Aim of the task
Here are the records. Write out exactly the lines between the one holding "argmax_lin X v \<inter>" and the one holding "then \<open>(v - w)", inclusive.

Data listing
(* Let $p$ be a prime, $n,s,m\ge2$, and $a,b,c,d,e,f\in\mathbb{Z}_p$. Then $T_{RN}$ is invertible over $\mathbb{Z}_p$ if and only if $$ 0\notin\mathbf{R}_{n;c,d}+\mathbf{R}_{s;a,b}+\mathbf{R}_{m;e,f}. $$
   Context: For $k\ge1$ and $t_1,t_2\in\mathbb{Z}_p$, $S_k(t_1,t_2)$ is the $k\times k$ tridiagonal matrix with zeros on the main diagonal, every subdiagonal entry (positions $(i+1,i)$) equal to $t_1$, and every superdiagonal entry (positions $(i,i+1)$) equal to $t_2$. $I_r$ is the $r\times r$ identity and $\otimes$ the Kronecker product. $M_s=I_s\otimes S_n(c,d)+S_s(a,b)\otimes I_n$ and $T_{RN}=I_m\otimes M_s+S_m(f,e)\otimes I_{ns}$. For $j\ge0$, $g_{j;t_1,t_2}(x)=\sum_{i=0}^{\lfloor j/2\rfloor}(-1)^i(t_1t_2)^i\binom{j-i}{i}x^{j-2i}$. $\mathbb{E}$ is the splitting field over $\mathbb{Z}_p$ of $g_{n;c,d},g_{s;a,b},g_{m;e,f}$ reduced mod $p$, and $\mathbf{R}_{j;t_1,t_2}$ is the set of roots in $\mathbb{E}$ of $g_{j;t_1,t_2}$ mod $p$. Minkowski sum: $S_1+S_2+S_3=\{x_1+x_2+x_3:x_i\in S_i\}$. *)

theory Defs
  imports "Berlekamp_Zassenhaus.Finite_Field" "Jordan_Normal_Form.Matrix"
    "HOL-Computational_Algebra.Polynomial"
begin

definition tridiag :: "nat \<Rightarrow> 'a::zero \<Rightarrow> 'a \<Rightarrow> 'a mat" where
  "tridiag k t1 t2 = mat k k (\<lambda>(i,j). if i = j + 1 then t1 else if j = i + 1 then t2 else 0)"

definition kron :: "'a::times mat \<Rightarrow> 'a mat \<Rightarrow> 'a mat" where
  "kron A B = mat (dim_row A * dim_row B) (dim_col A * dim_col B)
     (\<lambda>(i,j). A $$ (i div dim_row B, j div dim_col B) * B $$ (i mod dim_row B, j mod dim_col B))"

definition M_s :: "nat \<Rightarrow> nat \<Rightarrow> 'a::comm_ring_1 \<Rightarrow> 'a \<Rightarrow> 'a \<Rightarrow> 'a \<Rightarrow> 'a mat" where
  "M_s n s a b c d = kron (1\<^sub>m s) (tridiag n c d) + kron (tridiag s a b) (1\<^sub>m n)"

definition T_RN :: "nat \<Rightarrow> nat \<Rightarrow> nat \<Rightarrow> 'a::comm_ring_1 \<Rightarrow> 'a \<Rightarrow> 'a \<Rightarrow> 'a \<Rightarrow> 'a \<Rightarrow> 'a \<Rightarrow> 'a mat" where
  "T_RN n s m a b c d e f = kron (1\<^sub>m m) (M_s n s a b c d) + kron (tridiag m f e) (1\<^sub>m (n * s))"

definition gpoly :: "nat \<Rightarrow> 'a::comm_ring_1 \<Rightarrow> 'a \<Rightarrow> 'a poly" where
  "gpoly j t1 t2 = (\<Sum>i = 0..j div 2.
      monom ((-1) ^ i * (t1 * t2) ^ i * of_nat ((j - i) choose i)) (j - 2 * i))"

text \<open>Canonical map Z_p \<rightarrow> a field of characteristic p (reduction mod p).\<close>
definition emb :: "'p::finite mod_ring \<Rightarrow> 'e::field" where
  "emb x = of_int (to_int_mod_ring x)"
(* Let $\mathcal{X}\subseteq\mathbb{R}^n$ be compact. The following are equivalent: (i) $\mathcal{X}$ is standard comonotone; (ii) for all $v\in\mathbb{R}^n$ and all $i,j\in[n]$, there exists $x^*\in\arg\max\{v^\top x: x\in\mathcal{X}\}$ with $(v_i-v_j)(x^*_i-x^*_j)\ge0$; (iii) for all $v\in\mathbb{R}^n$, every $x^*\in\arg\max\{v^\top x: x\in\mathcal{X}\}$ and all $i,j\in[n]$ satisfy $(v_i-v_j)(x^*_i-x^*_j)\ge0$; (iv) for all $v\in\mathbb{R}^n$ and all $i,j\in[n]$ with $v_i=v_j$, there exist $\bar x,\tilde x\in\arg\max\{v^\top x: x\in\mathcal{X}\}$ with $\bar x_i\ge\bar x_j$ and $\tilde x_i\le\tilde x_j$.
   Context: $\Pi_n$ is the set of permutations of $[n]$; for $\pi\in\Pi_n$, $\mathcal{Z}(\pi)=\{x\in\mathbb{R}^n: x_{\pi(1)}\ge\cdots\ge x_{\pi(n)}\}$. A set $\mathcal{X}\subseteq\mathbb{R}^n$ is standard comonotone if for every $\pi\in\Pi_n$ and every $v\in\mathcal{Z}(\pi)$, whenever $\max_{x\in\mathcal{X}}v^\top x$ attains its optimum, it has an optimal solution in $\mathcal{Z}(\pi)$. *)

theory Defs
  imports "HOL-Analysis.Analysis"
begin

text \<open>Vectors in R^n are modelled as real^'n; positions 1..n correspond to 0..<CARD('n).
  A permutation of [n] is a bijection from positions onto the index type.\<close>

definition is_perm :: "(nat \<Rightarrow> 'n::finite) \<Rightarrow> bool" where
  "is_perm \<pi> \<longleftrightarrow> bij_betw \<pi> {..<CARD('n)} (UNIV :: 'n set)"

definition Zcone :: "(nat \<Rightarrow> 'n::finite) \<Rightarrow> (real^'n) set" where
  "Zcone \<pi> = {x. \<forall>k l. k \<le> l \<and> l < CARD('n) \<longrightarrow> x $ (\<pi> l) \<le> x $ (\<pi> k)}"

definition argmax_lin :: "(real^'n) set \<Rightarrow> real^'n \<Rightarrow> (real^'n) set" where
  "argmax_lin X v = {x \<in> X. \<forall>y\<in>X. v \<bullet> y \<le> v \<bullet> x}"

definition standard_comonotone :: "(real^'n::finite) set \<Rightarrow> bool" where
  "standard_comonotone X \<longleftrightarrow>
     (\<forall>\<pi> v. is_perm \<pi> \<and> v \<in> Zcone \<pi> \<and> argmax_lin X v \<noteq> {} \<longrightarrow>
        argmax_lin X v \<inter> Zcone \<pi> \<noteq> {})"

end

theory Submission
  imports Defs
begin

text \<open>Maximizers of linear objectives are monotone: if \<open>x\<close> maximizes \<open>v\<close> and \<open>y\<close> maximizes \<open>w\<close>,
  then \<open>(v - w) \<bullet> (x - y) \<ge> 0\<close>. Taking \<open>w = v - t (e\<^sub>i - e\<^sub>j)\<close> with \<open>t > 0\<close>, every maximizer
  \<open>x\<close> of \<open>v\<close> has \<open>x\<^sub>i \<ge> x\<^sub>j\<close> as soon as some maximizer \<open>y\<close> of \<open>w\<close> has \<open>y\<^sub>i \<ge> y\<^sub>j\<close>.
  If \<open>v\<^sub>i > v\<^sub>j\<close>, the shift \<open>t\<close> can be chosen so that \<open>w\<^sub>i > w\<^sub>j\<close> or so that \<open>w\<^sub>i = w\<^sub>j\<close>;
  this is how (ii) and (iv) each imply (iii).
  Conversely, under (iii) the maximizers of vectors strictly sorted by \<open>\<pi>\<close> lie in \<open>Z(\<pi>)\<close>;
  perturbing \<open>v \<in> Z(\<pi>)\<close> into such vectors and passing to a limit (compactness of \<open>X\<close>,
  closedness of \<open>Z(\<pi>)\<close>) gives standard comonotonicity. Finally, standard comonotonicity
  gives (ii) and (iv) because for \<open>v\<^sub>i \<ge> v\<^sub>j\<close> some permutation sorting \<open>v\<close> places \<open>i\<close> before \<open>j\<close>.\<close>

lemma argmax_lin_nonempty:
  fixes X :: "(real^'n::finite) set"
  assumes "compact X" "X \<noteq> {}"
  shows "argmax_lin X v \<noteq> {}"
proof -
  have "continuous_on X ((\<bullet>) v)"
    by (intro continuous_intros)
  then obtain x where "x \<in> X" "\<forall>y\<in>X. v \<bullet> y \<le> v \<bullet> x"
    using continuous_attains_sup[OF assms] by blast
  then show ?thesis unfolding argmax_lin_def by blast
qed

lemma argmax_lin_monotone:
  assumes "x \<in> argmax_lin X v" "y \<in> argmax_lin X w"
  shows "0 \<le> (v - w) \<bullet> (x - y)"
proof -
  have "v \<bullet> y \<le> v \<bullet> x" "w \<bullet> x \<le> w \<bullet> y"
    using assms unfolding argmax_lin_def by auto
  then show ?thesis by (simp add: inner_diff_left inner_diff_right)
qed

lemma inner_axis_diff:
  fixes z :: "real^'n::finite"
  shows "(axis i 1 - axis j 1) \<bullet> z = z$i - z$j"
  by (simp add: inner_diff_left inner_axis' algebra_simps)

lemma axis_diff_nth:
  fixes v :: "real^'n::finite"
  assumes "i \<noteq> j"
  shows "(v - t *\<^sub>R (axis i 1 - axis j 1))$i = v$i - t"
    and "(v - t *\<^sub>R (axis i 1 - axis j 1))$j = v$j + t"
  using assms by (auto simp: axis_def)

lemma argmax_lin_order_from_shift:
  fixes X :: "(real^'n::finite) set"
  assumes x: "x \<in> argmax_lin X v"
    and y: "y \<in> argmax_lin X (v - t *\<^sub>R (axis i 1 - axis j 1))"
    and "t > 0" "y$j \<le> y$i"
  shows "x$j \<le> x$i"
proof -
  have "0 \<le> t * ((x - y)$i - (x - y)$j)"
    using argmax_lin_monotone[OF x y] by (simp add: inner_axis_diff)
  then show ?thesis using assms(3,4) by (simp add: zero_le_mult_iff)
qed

Task output
        argmax_lin X v \<inter> Zcone \<pi> \<noteq> {})"

end

theory Submission
  imports Defs
begin

text \<open>Maximizers of linear objectives are monotone: if \<open>x\<close> maximizes \<open>v\<close> and \<open>y\<close> maximizes \<open>w\<close>,
  then \<open>(v - w) \<bullet> (x - y) \<ge> 0\<close>. Taking \<open>w = v - t (e\<^sub>i - e\<^sub>j)\<close> with \<open>t > 0\<close>, every maximizer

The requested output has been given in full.